Try it => Among the lines below, a stretch begins at the one with "(fimp L P' Q'))" and ends at the one with "(\<forall>Ds \<sigma> P". Repeat that stretch exactly, ends included.

Records supplied =>
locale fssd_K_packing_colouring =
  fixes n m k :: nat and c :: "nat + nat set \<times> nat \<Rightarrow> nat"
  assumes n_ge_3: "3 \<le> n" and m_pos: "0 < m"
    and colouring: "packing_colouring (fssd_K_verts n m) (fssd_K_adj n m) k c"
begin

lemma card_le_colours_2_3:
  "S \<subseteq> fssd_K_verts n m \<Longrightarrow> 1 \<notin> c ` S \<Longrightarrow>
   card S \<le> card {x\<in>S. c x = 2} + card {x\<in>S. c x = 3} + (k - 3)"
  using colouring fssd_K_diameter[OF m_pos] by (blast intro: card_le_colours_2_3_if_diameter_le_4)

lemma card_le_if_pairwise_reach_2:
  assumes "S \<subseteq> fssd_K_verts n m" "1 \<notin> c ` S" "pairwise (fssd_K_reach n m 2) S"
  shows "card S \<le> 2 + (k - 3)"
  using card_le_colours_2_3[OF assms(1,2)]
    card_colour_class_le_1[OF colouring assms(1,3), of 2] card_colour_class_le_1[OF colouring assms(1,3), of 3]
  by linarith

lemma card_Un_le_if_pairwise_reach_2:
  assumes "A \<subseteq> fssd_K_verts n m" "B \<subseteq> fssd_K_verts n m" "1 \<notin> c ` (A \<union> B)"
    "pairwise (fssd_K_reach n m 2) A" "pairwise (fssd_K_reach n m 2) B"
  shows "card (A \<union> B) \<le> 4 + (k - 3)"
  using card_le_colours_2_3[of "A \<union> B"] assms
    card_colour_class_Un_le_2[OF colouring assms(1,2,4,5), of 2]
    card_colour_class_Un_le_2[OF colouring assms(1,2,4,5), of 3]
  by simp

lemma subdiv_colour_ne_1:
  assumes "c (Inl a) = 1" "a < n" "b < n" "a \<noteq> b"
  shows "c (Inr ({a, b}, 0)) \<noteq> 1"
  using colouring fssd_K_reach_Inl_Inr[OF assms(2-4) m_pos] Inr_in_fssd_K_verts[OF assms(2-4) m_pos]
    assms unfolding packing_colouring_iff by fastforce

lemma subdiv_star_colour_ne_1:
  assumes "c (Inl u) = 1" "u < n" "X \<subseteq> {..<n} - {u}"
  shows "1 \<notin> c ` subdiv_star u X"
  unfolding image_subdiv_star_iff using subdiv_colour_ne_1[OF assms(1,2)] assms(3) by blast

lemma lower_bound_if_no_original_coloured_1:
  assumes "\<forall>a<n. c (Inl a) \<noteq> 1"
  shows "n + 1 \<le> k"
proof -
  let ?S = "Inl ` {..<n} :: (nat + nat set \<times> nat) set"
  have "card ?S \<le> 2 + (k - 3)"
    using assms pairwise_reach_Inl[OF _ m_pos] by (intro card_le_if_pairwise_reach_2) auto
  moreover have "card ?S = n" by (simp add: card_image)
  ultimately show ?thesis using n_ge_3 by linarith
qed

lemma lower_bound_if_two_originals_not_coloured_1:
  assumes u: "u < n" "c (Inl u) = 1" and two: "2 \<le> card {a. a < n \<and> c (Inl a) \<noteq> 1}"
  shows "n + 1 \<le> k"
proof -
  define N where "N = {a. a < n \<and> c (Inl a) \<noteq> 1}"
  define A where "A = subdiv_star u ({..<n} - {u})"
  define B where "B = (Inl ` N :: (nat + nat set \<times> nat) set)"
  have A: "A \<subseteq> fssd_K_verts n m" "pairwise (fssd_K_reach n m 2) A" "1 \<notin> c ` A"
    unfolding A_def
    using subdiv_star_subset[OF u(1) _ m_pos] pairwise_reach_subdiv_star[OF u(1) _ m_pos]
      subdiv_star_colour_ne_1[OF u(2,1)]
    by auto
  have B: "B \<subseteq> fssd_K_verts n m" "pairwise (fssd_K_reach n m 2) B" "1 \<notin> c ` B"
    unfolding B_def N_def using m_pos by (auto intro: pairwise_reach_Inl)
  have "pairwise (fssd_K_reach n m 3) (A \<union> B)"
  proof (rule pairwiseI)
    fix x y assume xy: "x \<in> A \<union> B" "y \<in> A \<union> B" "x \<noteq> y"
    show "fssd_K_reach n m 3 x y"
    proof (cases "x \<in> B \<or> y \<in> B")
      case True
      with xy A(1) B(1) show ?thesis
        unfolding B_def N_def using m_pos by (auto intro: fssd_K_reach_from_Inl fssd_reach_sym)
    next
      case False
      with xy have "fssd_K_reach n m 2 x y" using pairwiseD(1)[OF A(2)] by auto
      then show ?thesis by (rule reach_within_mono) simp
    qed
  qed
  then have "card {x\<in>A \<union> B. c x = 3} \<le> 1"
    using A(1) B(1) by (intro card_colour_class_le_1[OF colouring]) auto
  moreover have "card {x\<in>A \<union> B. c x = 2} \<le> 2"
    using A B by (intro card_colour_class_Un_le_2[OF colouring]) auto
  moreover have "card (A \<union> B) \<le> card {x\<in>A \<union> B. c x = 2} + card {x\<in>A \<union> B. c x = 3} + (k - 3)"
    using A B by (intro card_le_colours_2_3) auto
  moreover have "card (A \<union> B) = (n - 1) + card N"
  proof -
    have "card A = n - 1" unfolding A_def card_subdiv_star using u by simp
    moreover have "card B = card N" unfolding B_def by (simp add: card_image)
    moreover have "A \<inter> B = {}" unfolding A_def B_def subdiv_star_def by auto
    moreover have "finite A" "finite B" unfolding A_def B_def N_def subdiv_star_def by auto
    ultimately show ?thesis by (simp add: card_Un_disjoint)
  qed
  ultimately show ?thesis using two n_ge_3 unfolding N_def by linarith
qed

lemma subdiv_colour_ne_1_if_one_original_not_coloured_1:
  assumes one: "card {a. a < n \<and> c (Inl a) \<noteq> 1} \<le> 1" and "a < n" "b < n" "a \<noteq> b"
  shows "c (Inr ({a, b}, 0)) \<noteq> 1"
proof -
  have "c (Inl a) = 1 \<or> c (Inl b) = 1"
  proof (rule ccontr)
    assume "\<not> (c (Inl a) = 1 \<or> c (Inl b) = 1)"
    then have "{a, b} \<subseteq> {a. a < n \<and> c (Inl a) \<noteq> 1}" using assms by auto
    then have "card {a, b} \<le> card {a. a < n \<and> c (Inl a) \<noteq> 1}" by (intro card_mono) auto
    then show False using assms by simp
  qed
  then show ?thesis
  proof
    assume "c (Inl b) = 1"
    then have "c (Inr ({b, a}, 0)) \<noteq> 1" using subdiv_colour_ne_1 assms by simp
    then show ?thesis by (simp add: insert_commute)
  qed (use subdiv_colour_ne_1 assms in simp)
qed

...

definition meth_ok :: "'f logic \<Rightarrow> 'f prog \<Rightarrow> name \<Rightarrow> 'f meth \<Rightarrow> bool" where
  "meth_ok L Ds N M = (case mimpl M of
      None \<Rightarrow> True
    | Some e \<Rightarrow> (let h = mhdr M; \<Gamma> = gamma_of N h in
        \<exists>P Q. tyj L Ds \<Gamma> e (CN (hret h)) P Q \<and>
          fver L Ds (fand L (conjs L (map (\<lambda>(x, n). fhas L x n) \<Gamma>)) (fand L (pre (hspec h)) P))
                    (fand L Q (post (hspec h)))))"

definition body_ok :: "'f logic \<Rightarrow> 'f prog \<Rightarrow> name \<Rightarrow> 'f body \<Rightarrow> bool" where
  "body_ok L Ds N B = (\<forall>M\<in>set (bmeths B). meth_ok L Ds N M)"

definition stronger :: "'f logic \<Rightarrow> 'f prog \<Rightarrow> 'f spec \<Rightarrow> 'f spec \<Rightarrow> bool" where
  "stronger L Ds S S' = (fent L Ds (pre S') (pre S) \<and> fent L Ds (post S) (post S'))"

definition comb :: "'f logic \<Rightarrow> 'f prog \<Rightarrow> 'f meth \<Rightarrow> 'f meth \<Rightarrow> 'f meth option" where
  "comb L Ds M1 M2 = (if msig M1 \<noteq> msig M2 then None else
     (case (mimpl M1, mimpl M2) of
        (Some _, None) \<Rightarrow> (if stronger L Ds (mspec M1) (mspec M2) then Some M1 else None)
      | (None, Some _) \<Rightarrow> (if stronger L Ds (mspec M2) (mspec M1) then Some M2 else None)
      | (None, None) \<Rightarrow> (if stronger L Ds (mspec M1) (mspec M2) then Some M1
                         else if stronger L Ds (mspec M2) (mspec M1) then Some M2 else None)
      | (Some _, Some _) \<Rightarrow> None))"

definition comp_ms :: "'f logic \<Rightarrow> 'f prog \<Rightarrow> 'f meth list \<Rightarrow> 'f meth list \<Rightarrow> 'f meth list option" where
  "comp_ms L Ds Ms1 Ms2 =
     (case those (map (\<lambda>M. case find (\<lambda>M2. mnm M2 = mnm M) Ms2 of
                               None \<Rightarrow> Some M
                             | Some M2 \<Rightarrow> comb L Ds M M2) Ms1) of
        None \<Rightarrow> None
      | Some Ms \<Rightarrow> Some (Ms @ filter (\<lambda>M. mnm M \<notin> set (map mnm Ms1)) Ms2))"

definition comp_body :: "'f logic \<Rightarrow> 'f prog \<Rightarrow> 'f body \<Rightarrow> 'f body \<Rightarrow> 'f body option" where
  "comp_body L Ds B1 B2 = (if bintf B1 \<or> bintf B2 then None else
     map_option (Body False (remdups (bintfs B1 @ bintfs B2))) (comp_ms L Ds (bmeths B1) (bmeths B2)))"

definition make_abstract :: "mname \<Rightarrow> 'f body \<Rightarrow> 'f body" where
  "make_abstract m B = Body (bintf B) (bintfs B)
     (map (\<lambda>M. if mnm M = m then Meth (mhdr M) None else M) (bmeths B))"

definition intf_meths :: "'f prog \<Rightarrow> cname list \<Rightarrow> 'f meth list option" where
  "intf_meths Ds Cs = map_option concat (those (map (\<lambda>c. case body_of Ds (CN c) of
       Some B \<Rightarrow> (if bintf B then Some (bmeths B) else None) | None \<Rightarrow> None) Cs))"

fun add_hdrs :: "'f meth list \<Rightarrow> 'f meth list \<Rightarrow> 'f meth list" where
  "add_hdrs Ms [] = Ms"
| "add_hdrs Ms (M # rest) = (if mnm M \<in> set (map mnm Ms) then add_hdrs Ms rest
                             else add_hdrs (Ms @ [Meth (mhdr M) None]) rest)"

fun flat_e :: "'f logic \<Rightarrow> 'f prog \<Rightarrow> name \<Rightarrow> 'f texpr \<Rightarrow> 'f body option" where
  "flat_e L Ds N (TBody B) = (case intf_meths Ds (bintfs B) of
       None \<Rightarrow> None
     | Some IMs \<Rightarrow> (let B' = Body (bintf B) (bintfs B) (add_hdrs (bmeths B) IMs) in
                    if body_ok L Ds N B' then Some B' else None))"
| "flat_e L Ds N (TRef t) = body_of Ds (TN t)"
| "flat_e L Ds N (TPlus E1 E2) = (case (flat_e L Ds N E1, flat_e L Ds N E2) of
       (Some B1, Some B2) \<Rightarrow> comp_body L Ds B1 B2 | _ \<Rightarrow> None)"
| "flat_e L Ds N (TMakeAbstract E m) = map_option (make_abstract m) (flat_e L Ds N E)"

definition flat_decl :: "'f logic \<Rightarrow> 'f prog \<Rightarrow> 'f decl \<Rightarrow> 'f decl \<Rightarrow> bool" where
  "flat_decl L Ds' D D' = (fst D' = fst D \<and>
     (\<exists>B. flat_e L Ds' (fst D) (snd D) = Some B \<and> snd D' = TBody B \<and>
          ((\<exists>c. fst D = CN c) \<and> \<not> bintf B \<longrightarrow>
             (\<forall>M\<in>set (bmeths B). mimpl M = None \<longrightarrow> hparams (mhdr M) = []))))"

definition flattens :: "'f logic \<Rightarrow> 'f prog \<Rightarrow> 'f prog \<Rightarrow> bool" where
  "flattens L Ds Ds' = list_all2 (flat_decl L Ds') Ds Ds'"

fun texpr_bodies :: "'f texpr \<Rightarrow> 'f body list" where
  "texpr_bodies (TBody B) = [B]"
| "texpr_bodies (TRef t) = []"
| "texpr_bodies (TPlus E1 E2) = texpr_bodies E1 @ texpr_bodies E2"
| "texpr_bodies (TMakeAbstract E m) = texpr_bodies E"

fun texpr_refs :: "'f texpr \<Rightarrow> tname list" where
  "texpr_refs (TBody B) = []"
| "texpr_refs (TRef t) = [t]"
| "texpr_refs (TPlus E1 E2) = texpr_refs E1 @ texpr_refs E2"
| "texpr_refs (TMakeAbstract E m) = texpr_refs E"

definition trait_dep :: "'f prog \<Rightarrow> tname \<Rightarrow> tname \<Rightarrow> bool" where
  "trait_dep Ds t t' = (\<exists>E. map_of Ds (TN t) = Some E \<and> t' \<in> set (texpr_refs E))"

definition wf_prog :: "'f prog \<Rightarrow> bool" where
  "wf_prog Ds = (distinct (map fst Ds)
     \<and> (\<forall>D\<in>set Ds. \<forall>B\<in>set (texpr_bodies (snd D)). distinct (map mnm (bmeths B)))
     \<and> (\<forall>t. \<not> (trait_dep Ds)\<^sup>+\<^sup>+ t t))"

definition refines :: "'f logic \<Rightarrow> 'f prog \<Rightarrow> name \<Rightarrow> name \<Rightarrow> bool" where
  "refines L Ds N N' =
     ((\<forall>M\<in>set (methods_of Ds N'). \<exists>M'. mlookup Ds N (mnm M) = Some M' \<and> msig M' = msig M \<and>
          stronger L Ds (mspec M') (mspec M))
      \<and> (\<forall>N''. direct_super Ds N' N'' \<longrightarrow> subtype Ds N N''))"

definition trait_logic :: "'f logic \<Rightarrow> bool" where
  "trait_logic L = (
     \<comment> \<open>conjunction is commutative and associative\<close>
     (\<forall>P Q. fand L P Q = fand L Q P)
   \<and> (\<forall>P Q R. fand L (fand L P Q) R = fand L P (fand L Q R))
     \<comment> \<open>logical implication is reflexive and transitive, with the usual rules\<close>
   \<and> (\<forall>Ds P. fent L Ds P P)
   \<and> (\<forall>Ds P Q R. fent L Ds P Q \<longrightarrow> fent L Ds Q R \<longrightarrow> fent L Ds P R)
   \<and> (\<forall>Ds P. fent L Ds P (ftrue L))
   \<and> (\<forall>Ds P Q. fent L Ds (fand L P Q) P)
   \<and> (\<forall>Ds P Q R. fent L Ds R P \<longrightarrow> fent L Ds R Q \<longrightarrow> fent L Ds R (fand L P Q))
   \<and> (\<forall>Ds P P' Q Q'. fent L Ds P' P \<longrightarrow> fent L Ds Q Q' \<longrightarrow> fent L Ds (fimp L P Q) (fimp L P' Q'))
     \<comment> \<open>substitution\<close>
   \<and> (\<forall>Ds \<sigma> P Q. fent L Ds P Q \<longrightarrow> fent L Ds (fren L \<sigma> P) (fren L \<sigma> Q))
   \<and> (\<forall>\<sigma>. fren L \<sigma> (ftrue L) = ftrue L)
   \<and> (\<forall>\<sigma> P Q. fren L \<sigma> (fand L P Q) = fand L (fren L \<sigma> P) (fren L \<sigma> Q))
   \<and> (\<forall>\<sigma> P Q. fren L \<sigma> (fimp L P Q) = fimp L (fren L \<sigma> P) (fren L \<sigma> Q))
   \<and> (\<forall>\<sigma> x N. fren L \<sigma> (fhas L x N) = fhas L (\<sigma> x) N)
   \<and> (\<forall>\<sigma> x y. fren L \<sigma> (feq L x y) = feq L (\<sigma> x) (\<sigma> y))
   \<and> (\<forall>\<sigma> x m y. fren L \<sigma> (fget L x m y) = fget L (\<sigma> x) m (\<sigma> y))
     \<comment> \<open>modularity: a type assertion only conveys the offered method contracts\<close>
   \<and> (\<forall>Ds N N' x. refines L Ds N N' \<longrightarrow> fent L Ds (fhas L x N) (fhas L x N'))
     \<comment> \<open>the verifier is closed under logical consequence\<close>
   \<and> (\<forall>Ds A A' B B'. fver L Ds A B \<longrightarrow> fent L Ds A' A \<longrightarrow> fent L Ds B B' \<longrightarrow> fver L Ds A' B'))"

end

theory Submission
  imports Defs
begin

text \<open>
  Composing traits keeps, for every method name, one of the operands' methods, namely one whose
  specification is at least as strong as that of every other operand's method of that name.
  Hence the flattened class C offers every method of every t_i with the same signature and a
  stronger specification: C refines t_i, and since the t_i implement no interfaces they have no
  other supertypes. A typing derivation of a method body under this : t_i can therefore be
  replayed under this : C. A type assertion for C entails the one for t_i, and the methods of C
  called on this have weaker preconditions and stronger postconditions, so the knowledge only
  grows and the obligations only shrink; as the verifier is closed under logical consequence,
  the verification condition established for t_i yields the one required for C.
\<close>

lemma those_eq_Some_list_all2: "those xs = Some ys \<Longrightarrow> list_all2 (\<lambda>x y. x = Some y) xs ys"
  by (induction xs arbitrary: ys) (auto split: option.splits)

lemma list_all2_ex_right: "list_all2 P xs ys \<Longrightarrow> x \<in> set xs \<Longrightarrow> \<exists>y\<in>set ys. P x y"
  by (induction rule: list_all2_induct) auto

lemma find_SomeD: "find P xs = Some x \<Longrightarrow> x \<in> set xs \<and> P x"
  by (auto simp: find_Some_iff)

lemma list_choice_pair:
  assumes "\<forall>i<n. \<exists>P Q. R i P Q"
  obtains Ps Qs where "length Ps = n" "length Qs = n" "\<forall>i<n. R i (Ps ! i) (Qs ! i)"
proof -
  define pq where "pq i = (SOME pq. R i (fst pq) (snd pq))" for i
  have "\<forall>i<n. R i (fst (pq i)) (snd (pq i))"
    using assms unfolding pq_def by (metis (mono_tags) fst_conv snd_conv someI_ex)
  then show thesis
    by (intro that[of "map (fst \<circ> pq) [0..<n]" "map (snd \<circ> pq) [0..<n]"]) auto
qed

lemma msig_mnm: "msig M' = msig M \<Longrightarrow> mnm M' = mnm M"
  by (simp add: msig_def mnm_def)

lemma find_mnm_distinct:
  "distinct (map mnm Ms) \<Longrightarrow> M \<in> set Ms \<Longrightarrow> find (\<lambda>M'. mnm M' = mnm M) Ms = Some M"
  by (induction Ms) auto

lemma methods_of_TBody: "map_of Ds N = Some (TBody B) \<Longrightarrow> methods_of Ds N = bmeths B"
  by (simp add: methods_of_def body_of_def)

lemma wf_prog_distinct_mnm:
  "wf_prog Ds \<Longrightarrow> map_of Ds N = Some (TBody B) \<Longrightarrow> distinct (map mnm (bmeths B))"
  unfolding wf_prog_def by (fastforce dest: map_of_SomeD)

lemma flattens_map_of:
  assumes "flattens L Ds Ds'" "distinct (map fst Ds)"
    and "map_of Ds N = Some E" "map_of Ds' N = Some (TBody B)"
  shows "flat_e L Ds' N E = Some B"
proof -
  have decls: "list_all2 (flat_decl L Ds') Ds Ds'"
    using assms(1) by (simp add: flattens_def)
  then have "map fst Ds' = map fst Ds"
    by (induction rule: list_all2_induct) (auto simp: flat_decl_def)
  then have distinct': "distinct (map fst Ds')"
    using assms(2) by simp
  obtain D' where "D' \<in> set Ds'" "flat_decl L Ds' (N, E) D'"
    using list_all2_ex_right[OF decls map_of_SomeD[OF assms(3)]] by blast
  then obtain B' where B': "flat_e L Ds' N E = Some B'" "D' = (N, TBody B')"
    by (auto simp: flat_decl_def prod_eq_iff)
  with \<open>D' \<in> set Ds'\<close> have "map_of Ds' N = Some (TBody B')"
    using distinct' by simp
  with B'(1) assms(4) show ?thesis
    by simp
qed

Reply =>
   \<and> (\<forall>Ds P P' Q Q'. fent L Ds P' P \<longrightarrow> fent L Ds Q Q' \<longrightarrow> fent L Ds (fimp L P Q) (fimp L P' Q'))
     \<comment> \<open>substitution\<close>
   \<and> (\<forall>Ds \<sigma> P Q. fent L Ds P Q \<longrightarrow> fent L Ds (fren L \<sigma> P) (fren L \<sigma> Q))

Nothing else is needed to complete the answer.